No es, pues, el artículo inculpado el que puede encontrar su apreciación mediante la aplicación de los parágrafos sobre la "calumnia en sentido jurídico", la calumnia en el sentido de una ficción despótica, que subleva el sano entendimiento humano. Lo que en ello puede encontrar su apreciación, son única y exclusivamente las conquistas de la revolución de marzo, el alto grado que ha alcanzado la contrarrevolución, la temeridad con que la burocracia puede sacar y hacer valer contra la nueva vida política las armas que aún se encuentran en el arsenal de la vieja legislación. Esta aplicación del artículo de calumnia en los ataques a los representantes del pueblo, ¡qué magnífico medio para sustraer a los señores de la crítica y a la prensa del jurado!

Pasemos de la querella por calumnia a la querella por injuria. Aquí nos encontramos con el § 222, que reza así:

"Cuando una o varias personas de la autoridad, del ramo administrativo o judicial, en el ejercicio de sus funciones o con ocasión de este ejercicio, reciban de palabra alguna injuria dirigida a atacar su honor o su delicadeza, el que de esa manera las hubiera injuriado será castigado con prisión de un mes a dos años."

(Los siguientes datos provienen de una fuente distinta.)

(*
  Suppose x, y are central at distance k >= 3i+3, let p be a geodesic from x to y, r the radius,
  and u a vertex farthest from p(i+1), so that d(u,p(i+1)) >= r while d(u,x), d(u,y) <= r.
  Applied to u, consecutive vertices of p and x, the alpha_i condition forbids d(u,-) to drop
  along p after index i+1 while it is >= r; hence d(u,p(s)) = r for i+1 <= s <= k.
  A neighbour q of p(i+1) that is closer to u is, again by the alpha_i condition, no farther
  than p(i+1) from x and from p(2i+2), so p(2i+2) lies in the interval I(q,y). On a geodesic
  from q to p(2i+2) the distance to u climbs from r-1 to r across some edge vw, and the
  alpha_i condition for u, v, w, y then forces d(u,y) > r, a contradiction.
*)
theory Submission
  imports Defs
begin

definition graph_path :: "'a set \<Rightarrow> ('a \<Rightarrow> 'a \<Rightarrow> bool) \<Rightarrow> (nat \<Rightarrow> 'a) \<Rightarrow> nat \<Rightarrow> bool" where
  "graph_path V E p n \<longleftrightarrow> (\<forall>s\<le>n. p s \<in> V) \<and> (\<forall>s<n. E (p s) (p (Suc s)))"

lemma has_walk_iff_graph_path:
  "has_walk V E u v n \<longleftrightarrow> (\<exists>p. graph_path V E p n \<and> p 0 = u \<and> p n = v)"
proof
  assume "has_walk V E u v n"
  then obtain xs where xs: "walk E xs" "set xs \<subseteq> V" "hd xs = u" "last xs = v" "length xs = Suc n"
    unfolding has_walk_def by blast
  then have "graph_path V E (nth xs) n \<and> xs ! 0 = u \<and> xs ! n = v"
    by (auto simp: graph_path_def walk_def hd_conv_nth last_conv_nth
             intro!: nth_mem[THEN subsetD[OF xs(2)]])
  then show "\<exists>p. graph_path V E p n \<and> p 0 = u \<and> p n = v" by blast
next
  assume "\<exists>p. graph_path V E p n \<and> p 0 = u \<and> p n = v"
  then obtain p where p: "graph_path V E p n" "p 0 = u" "p n = v" by blast
  have "walk E (map p [0..<Suc n])"
    using p(1) by (auto simp: walk_def graph_path_def simp del: upt_Suc)
  moreover have "set (map p [0..<Suc n]) \<subseteq> V"
    using p(1) by (auto simp: graph_path_def)
  ultimately show "has_walk V E u v n"
    unfolding has_walk_def using p(2,3)
    by (intro exI[of _ "map p [0..<Suc n]"]) (simp add: hd_map last_map del: upt_Suc)
qed

lemma graph_path_shift:
  assumes "graph_path V E p n" "s \<le> t" "t \<le> n"
  shows "graph_path V E (\<lambda>r. p (s + r)) (t - s)"
  using assms by (auto simp: graph_path_def)

lemma graph_path_reverse:
  assumes "graph_path V E p n" "\<And>u v. E u v \<Longrightarrow> E v u"
  shows "graph_path V E (\<lambda>s. p (n - s)) n"
  unfolding graph_path_def
proof (intro conjI allI impI)
  fix s assume "s < n"
  then have "E (p (n - Suc s)) (p (Suc (n - Suc s)))" and "Suc (n - Suc s) = n - s"
    using assms(1) unfolding graph_path_def by auto
  then show "E (p (n - s)) (p (n - Suc s))" using assms(2) by metis
qed (use assms(1) in \<open>auto simp: graph_path_def\<close>)

lemma graph_path_append:
  assumes "graph_path V E p m" "graph_path V E q n" "p m = q 0"
  shows "graph_path V E (\<lambda>s. if s \<le> m then p s else q (s - m)) (m + n)"
  unfolding graph_path_def
proof (intro conjI allI impI)
  fix s assume "s < m + n"
  then show "E (if s \<le> m then p s else q (s - m)) (if Suc s \<le> m then p (Suc s) else q (Suc s - m))"
    using assms unfolding graph_path_def
    by (cases "s < m"; cases "s = m") (auto simp: Suc_diff_le)
qed (use assms in \<open>auto simp: graph_path_def\<close>)
theorem lemmaC2:
  fixes f :: "'a::euclidean_space \<Rightarrow> real" and fgrad :: "'a \<Rightarrow> 'a"
    and c :: "'a \<Rightarrow> 'b::euclidean_space" and Jc :: "'a \<Rightarrow> 'a \<Rightarrow> 'b"
    and h g :: "'a \<Rightarrow> real"
    and sg :: "'a \<Rightarrow> 'xi \<Rightarrow> 'a" and \<xi> :: "nat \<Rightarrow> 'xi"
    and Lf Lc C G \<beta> :: real
    and \<mu> \<rho> \<alpha> :: "nat \<Rightarrow> real"
    and x z s d Gk :: "nat \<Rightarrow> 'a"
    and k :: nat
  assumes f_grad: "\<forall>y. (f has_derivative (\<lambda>v. inner (fgrad y) v)) (at y)"
    and f_smooth: "\<forall>y y'. norm (fgrad y - fgrad y') \<le> Lf * norm (y - y')"
    and c_deriv: "\<forall>y. (c has_derivative Jc y) (at y)"
    and c_smooth: "\<forall>y y'. onorm (\<lambda>v. Jc y v - Jc y' v) \<le> Lc * norm (y - y')"
    and C_pos: "C > 0" and G_pos: "G > 0"
    and f_grad_bd: "\<forall>y. norm (fgrad y) \<le> G"
    and h_convex: "convex_on UNIV h" and g_convex: "convex_on UNIV g"
    and h_subgrad_bd: "\<forall>y. \<forall>u\<in>subdiff h y. norm u \<le> G"
    and g_subgrad_bd: "\<forall>y. \<forall>u\<in>subdiff g y. norm u \<le> G"
    and c_grad_bd: "\<forall>y. onorm (Jc y) \<le> G"
    and c_bd: "\<forall>y. norm (c y) \<le> C"
    and mu_pos: "\<forall>j. \<mu> j > 0" and rho0_pos: "\<rho> 0 > 0"
    and step: "\<forall>j. \<mu> j * Lrho Lf Lc G C (\<rho> 0) (\<rho> j) \<le> 1 / 4"
    and mu_mono: "\<forall>j. \<mu> (Suc j) \<le> \<mu> j"
    and rho_mono: "\<forall>j. \<rho> j \<le> \<rho> (Suc j)"
    and beta: "0 < \<beta>" "\<beta> \<le> 1"
    and x_upd: "\<forall>j. x (Suc j) = prox (\<mu> j) h (z j - \<mu> j *\<^sub>R Gk j)"
    and z_upd: "\<forall>j. z (Suc j) = z j - \<beta> *\<^sub>R (prox (\<mu> j) g (z j) - x (Suc j))"
    and estimator:
      "((\<forall>j. Gk j = s j + \<rho> j *\<^sub>R adjoint (Jc (x j)) (c (x j))) \<and>
        (\<forall>j. s (Suc j) = (1 - \<alpha> j) *\<^sub>R s j + \<alpha> j *\<^sub>R sg (x (Suc j)) (\<xi> (Suc j))))
       \<or>
       ((\<forall>j. Gk j = d j + \<rho> j *\<^sub>R adjoint (Jc (x j)) (c (x j))) \<and>
        (\<forall>j. d (Suc j) = sg (x (Suc j)) (\<xi> (Suc j)) + (1 - \<alpha> j) *\<^sub>R (d j - sg (x j) (\<xi> (Suc j)))))"
  shows
    "potential f c h g (\<rho> (Suc k)) (\<mu> (Suc k)) (x (Suc k)) (z (Suc k))
       \<le> potential f c h g (\<rho> k) (\<mu> k) (x k) (z k)
         - (1 / (2 * \<mu> k) - Lrho Lf Lc G C (\<rho> 0) (\<rho> k)) / 2
             * ((norm (x (Suc k) - x k))\<^sup>2 + (norm (z (Suc k) - z k))\<^sup>2)
         + (\<rho> (Suc k) - \<rho> k) / 2 * C\<^sup>2
         + \<bar>\<mu> k - \<mu> (Suc k)\<bar> / (2 * (\<mu> (Suc k))\<^sup>2) * (C\<^sup>2 + (norm (x (Suc k) - z (Suc k)))\<^sup>2)
         + \<mu> k * (norm (Gk k - Qgrad fgrad c Jc (\<rho> k) (x k)))\<^sup>2
     \<and> (norm (x (Suc k) - x k))\<^sup>2 + (norm (z (Suc k) - z k))\<^sup>2
       \<le> 4 * \<mu> k / (1 - 2 * \<mu> k * Lrho Lf Lc G C (\<rho> 0) (\<rho> k))
         * (potential f c h g (\<rho> k) (\<mu> k) (x k) (z k)
            - potential f c h g (\<rho> (Suc k)) (\<mu> (Suc k)) (x (Suc k)) (z (Suc k))
            + \<bar>\<mu> k - \<mu> (Suc k)\<bar> / (2 * (\<mu> (Suc k))\<^sup>2) * (C\<^sup>2 + (norm (x (Suc k) - z (Suc k)))\<^sup>2)
            + (\<rho> (Suc k) - \<rho> k) / 2 * C\<^sup>2
            + \<mu> k * (norm (Gk k - Qgrad fgrad c Jc (\<rho> k) (x k)))\<^sup>2)"
proof -
  let ?L = "Lrho Lf Lc G C (\<rho> 0) (\<rho> k)"
  have \<mu>: "0 < \<mu> k" "0 < \<mu> (Suc k)" "\<mu> (Suc k) \<le> \<mu> k"
    using mu_pos mu_mono by auto
  have "\<rho> 0 \<le> \<rho> k"
    using rho_mono incseq_SucI[of \<rho>] by (simp add: incseqD)
  then have Q_lipschitz: "norm (Qgrad fgrad c Jc (\<rho> k) y - Qgrad fgrad c Jc (\<rho> k) y') \<le> ?L * norm (y - y')"
    for y y'
    using Qgrad_lipschitz f_smooth c_deriv c_smooth c_grad_bd c_bd rho0_pos by blast
  have descent: "Qpen f c (\<rho> k) (x (Suc k)) \<le> Qpen f c (\<rho> k) (x k)
      + inner (Qgrad fgrad c Jc (\<rho> k) (x k)) (x (Suc k) - x k) + ?L / 2 * (norm (x (Suc k) - x k))\<^sup>2"
    using Qpen_has_derivative f_grad c_deriv Q_lipschitz by (blast intro: descent_lemma)
  have "0 \<le> ?L"
    using Q_lipschitz by (rule lipschitz_constant_nonneg)
  then have first: "potential f c h g (\<rho> (Suc k)) (\<mu> (Suc k)) (x (Suc k)) (z (Suc k))
       \<le> potential f c h g (\<rho> k) (\<mu> k) (x k) (z k) - (1 / (2 * \<mu> k) - ?L) / 2
           * ((norm (x (Suc k) - x k))\<^sup>2 + (norm (z (Suc k) - z k))\<^sup>2)
         + (\<rho> (Suc k) - \<rho> k) / 2 * C\<^sup>2
         + \<bar>\<mu> k - \<mu> (Suc k)\<bar> / (2 * (\<mu> (Suc k))\<^sup>2) * (C\<^sup>2 + (norm (x (Suc k) - z (Suc k)))\<^sup>2)
         + \<mu> k * (norm (Gk k - Qgrad fgrad c Jc (\<rho> k) (x k)))\<^sup>2"
    using potential_step_decrease[OF h_convex g_convex \<mu>(1) \<open>0 \<le> ?L\<close> less_imp_le[OF beta(1)] beta(2) descent
        x_upd[rule_format] z_upd[rule_format]]
      potential_parameter_change[where c = c and x = "x (Suc k)" and z = "z (Suc k)" and f = f and h = h,
        OF g_convex \<mu>(2,3) rho_mono[rule_format, of k] c_bd[rule_format]]
    by linarith
  then show ?thesis
    by (intro conjI le_inverse_step_coefficient_mult[OF \<mu>(1) step[rule_format]]; use first in linarith)
qed

end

El señor Zweiffel, cuando apareció el artículo de la "Neue Rheinische Zeitung", actuaba como representante del pueblo en Berlín, y de ningún modo como persona de la autoridad del ramo judicial en Colonia. Puesto que no ejercía ninguna función oficial, era de hecho imposible injuriarlo en el ejercicio de sus funciones o con ocasión de este ejercicio. En cambio, el honor y la delicadeza de los señores gendarmes sólo estarían bajo la salvaguardia de este artículo si se les hubiera injuriado de palabra (par parole). Pero nosotros hemos escrito y no hablado, y par écrit (por escrito) no es par parole. ¿Qué queda, pues? La moraleja: hablar con más cautela del último gendarme que del primer príncipe, y en particular no atreverse a tocarlos a los señores sumamente irritables del ministerio público. Llamamos de nuevo la atención del público sobre que en diversos lugares al mismo tiempo, como en Colonia, Düsseldorf, Coblenza, han comenzado las mismas persecuciones. ¡Extraño método del azar!